++++ MATERIAL FOR THE TASK ++++
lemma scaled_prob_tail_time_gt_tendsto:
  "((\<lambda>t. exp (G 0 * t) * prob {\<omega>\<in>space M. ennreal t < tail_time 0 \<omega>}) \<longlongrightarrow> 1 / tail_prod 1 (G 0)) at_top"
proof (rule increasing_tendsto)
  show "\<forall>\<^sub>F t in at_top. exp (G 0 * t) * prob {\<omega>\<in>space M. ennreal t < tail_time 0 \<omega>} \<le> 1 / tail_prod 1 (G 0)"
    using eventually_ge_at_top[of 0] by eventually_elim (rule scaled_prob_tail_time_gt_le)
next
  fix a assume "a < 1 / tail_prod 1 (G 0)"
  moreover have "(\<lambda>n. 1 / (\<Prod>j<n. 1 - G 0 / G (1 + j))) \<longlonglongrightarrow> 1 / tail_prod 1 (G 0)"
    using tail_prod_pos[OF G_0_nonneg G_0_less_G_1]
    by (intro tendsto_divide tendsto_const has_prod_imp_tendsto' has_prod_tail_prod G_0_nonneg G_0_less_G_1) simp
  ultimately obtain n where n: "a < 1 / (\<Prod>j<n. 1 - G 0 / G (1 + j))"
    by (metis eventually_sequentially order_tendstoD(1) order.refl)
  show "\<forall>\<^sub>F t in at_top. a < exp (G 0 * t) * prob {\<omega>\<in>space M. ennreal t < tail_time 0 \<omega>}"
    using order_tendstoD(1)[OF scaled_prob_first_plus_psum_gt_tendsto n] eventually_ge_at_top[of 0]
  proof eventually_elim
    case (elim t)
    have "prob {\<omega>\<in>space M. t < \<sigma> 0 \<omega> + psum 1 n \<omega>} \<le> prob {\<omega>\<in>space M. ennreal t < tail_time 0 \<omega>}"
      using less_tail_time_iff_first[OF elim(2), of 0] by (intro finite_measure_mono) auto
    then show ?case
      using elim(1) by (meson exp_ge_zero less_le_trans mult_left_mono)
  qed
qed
++++
**WHAT TO PRODUCE**.
Word for word, retype the lines from the one containing "using eventually_ge_at_top[of 0]" through the final line of the data, including both ends and nothing more.

**EXERCISE SOLUTION**.
    using eventually_ge_at_top[of 0] by eventually_elim (rule scaled_prob_tail_time_gt_le)
next
  fix a assume "a < 1 / tail_prod 1 (G 0)"
  moreover have "(\<lambda>n. 1 / (\<Prod>j<n. 1 - G 0 / G (1 + j))) \<longlonglongrightarrow> 1 / tail_prod 1 (G 0)"
    using tail_prod_pos[OF G_0_nonneg G_0_less_G_1]
    by (intro tendsto_divide tendsto_const has_prod_imp_tendsto' has_prod_tail_prod G_0_nonneg G_0_less_G_1) simp
  ultimately obtain n where n: "a < 1 / (\<Prod>j<n. 1 - G 0 / G (1 + j))"
    by (metis eventually_sequentially order_tendstoD(1) order.refl)
  show "\<forall>\<^sub>F t in at_top. a < exp (G 0 * t) * prob {\<omega>\<in>space M. ennreal t < tail_time 0 \<omega>}"
    using order_tendstoD(1)[OF scaled_prob_first_plus_psum_gt_tendsto n] eventually_ge_at_top[of 0]
  proof eventually_elim
    case (elim t)
    have "prob {\<omega>\<in>space M. t < \<sigma> 0 \<omega> + psum 1 n \<omega>} \<le> prob {\<omega>\<in>space M. ennreal t < tail_time 0 \<omega>}"
      using less_tail_time_iff_first[OF elim(2), of 0] by (intro finite_measure_mono) auto
    then show ?case
      using elim(1) by (meson exp_ge_zero less_le_trans mult_left_mono)
  qed
qed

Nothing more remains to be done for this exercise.